▸ **Records from a data collection**:
(* Let $G$ be a maximal outerplanar graph with at least three vertices. Then $\mathrm{fall}(G)=\{3\}$.
   Context: For a graph $G=(V,E)$ and a partition $\Pi=\{V_1,\dots,V_k\}$ of $V$, a vertex $v\in V_i$ is colorful if $v$ is adjacent to at least one vertex of each class $V_j$ with $j\neq i$. $\Pi$ is a fall $k$-coloring if every $V_i$ is an independent set and every vertex is colorful; equivalently, $V$ is partitioned into $k$ independent dominating sets. The fall set $\mathrm{fall}(G)$ is the set of all integers $k$ such that $G$ admits a fall $k$-coloring. *)

theory Defs
  imports Main
begin

definition simple_graph :: "'a set \<Rightarrow> ('a \<Rightarrow> 'a \<Rightarrow> bool) \<Rightarrow> bool" where
  "simple_graph V E \<longleftrightarrow> finite V \<and>
     (\<forall>u v. E u v \<longrightarrow> u \<in> V \<and> v \<in> V \<and> u \<noteq> v \<and> E v u)"

text \<open>Outerplanar: the graph has a drawing with all vertices on a circle (outer face)
  and edges as pairwise non-crossing chords; combinatorially, a cyclic ordering of the
  vertices in which no two edges interleave.\<close>
definition outerplanar :: "'a set \<Rightarrow> ('a \<Rightarrow> 'a \<Rightarrow> bool) \<Rightarrow> bool" where
  "outerplanar V E \<longleftrightarrow> (\<exists>f :: 'a \<Rightarrow> nat. bij_betw f V {0..<card V} \<and>
     (\<forall>a\<in>V. \<forall>b\<in>V. \<forall>c\<in>V. \<forall>d\<in>V.
        E a b \<and> E c d \<longrightarrow> \<not> (f a < f c \<and> f c < f b \<and> f b < f d)))"

definition add_edge :: "('a \<Rightarrow> 'a \<Rightarrow> bool) \<Rightarrow> 'a \<Rightarrow> 'a \<Rightarrow> ('a \<Rightarrow> 'a \<Rightarrow> bool)" where
  "add_edge E u v = (\<lambda>x y. E x y \<or> (x = u \<and> y = v) \<or> (x = v \<and> y = u))"

definition maximal_outerplanar :: "'a set \<Rightarrow> ('a \<Rightarrow> 'a \<Rightarrow> bool) \<Rightarrow> bool" where
  "maximal_outerplanar V E \<longleftrightarrow> simple_graph V E \<and> outerplanar V E \<and>
     (\<forall>u\<in>V. \<forall>v\<in>V. u \<noteq> v \<and> \<not> E u v \<longrightarrow> \<not> outerplanar V (add_edge E u v))"

definition fall_coloring :: "'a set \<Rightarrow> ('a \<Rightarrow> 'a \<Rightarrow> bool) \<Rightarrow> 'a set set \<Rightarrow> nat \<Rightarrow> bool" where
  "fall_coloring V E P k \<longleftrightarrow>
     \<Union>P = V \<and> {} \<notin> P \<and> (\<forall>X\<in>P. \<forall>Y\<in>P. X \<noteq> Y \<longrightarrow> X \<inter> Y = {}) \<and>
     finite P \<and> card P = k \<and>
     (\<forall>X\<in>P. \<forall>u\<in>X. \<forall>v\<in>X. \<not> E u v) \<and>
     (\<forall>X\<in>P. \<forall>v\<in>X. \<forall>Y\<in>P. Y \<noteq> X \<longrightarrow> (\<exists>u\<in>Y. E v u))"

definition fall_set :: "'a set \<Rightarrow> ('a \<Rightarrow> 'a \<Rightarrow> bool) \<Rightarrow> nat set" where
  "fall_set V E = {k. \<exists>P. fall_coloring V E P k}"

end

theory Submission
  imports Defs
begin

text \<open>Fix a cyclic order of V witnessing outerplanarity. Maximality forces every chord that
  no edge crosses to be an edge. Among the edges whose span (in the order) contains a vertex,
  take one of minimal span and a vertex w inside it: every neighbour of w is then adjacent
  to w in the order, so w has degree 2 and its two neighbours are adjacent. Such an ear
  w forms a triangle, so every fall coloring has at least 3 classes, and w is colorful,
  so at most 3. Deleting w leaves a maximal outerplanar graph, and by induction there is
  a proper 3-coloring in which every vertex sees both other colors; w gets the color
  missing at its two neighbours. Its color classes form a fall 3-coloring.\<close>

definition noncrossing :: "'a set \<Rightarrow> ('a \<Rightarrow> 'a \<Rightarrow> bool) \<Rightarrow> ('a \<Rightarrow> nat) \<Rightarrow> bool" where
  "noncrossing V E f \<longleftrightarrow> (\<forall>a\<in>V. \<forall>b\<in>V. \<forall>c\<in>V. \<forall>d\<in>V.
     E a b \<and> E c d \<longrightarrow> \<not> (f a < f c \<and> f c < f b \<and> f b < f d))"

definition strictly_between :: "('a \<Rightarrow> nat) \<Rightarrow> 'a \<Rightarrow> 'a \<Rightarrow> 'a \<Rightarrow> bool" where
  "strictly_between f x y z \<longleftrightarrow> f x < f y \<and> f y < f z \<or> f z < f y \<and> f y < f x"

definition remove_vertex :: "('a \<Rightarrow> 'a \<Rightarrow> bool) \<Rightarrow> 'a \<Rightarrow> 'a \<Rightarrow> 'a \<Rightarrow> bool" where
  "remove_vertex E w = (\<lambda>x y. E x y \<and> x \<noteq> w \<and> y \<noteq> w)"

definition colorful_coloring :: "'a set \<Rightarrow> ('a \<Rightarrow> 'a \<Rightarrow> bool) \<Rightarrow> nat \<Rightarrow> ('a \<Rightarrow> nat) \<Rightarrow> bool" where
  "colorful_coloring V E k col \<longleftrightarrow> (\<forall>v\<in>V. col v < k) \<and> (\<forall>u v. E u v \<longrightarrow> col u \<noteq> col v) \<and>
     (\<forall>v\<in>V. \<forall>i<k. i \<noteq> col v \<longrightarrow> (\<exists>u. E v u \<and> col u = i))"

lemma fall_coloringD:
  assumes "fall_coloring V E P k"
  shows "\<Union>P = V" "finite P" "card P = k"
    and "\<And>X Y. X \<in> P \<Longrightarrow> Y \<in> P \<Longrightarrow> X \<noteq> Y \<Longrightarrow> X \<inter> Y = {}"
    and "\<And>X u v. X \<in> P \<Longrightarrow> u \<in> X \<Longrightarrow> v \<in> X \<Longrightarrow> \<not> E u v"
    and "\<And>X v Y. X \<in> P \<Longrightarrow> v \<in> X \<Longrightarrow> Y \<in> P \<Longrightarrow> Y \<noteq> X \<Longrightarrow> \<exists>u\<in>Y. E v u"
  using assms unfolding fall_coloring_def by simp_all

lemma fall_coloring_classes:
  assumes "fall_coloring V E P k"
  obtains cls where "\<And>x. x \<in> V \<Longrightarrow> cls x \<in> P \<and> x \<in> cls x"
    and "\<And>x X. X \<in> P \<Longrightarrow> x \<in> X \<Longrightarrow> cls x = X"
proof -
  note cover = fall_coloringD(1)[OF assms] and disjoint = fall_coloringD(4)[OF assms]
  define cls where "cls x = (SOME X. X \<in> P \<and> x \<in> X)" for x
  have cls: "cls x \<in> P \<and> x \<in> cls x" if "x \<in> V" for x
  proof -
    from that cover have "\<exists>X. X \<in> P \<and> x \<in> X" by auto
    then show ?thesis unfolding cls_def by (rule someI_ex)
  qed
  have "cls x = X" if "X \<in> P" "x \<in> X" for x X
  proof -
    from that cover have "cls x \<in> P" "x \<in> cls x" using cls by auto
    with that disjoint[of X "cls x"] show ?thesis by auto
  qed
  with cls show thesis by (rule that)
qed

lemma fall_coloring_clique_card_le:
  assumes coloring: "fall_coloring V E P k" and "K \<subseteq> V"
    and clique: "\<And>x y. x \<in> K \<Longrightarrow> y \<in> K \<Longrightarrow> x \<noteq> y \<Longrightarrow> E x y"
  shows "card K \<le> k"
proof -
  obtain cls where cls: "\<And>x. x \<in> V \<Longrightarrow> cls x \<in> P \<and> x \<in> cls x"
    using fall_coloring_classes[OF coloring] by metis
  have "inj_on cls K"
  proof (rule inj_onI)
    fix x y assume "x \<in> K" "y \<in> K" "cls x = cls y"
    with cls[of x] cls[of y] \<open>K \<subseteq> V\<close> have "\<not> E x y"
      by (intro fall_coloringD(5)[OF coloring, of "cls x"]) auto
    with clique \<open>x \<in> K\<close> \<open>y \<in> K\<close> show "x = y" by blast
  qed
  moreover have "cls ` K \<subseteq> P" using cls \<open>K \<subseteq> V\<close> by auto
  ultimately show ?thesis
    using card_inj_on_le[of cls K P] fall_coloringD(2,3)[OF coloring] by simp
qed

lemma fall_coloring_le_Suc_degree:
  assumes coloring: "fall_coloring V E P k" and "simple_graph V E" "w \<in> V"
  shows "k \<le> Suc (card {x. E w x})"
proof -
  obtain cls where cls: "\<And>x. x \<in> V \<Longrightarrow> cls x \<in> P \<and> x \<in> cls x"
    and unique: "\<And>x X. X \<in> P \<Longrightarrow> x \<in> X \<Longrightarrow> cls x = X"
    using fall_coloring_classes[OF coloring] by metis
  have "finite {x. E w x}"
    using \<open>simple_graph V E\<close> unfolding simple_graph_def by (auto intro: finite_subset)
  have "P - {cls w} \<subseteq> cls ` {x. E w x}"
  proof
    fix Y assume "Y \<in> P - {cls w}"
    with fall_coloringD(6)[OF coloring] cls[OF \<open>w \<in> V\<close>] obtain u where "u \<in> Y" "E w u"
      by blast
    with unique \<open>Y \<in> P - {cls w}\<close> show "Y \<in> cls ` {x. E w x}" by blast
  qed
  then have "card (P - {cls w}) \<le> card {x. E w x}"
    using \<open>finite {x. E w x}\<close> by (meson card_image_le card_mono finite_imageI order_trans)
  moreover have "card (P - {cls w}) = k - 1"
    using fall_coloringD(2,3)[OF coloring] cls[OF \<open>w \<in> V\<close>] by simp
  ultimately show ?thesis by simp
qed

▸ **What you are asked to do**: If a line of the entries contains "which", it counts; give the total of such lines and nothing more.

▸ **Finished exercise**: 2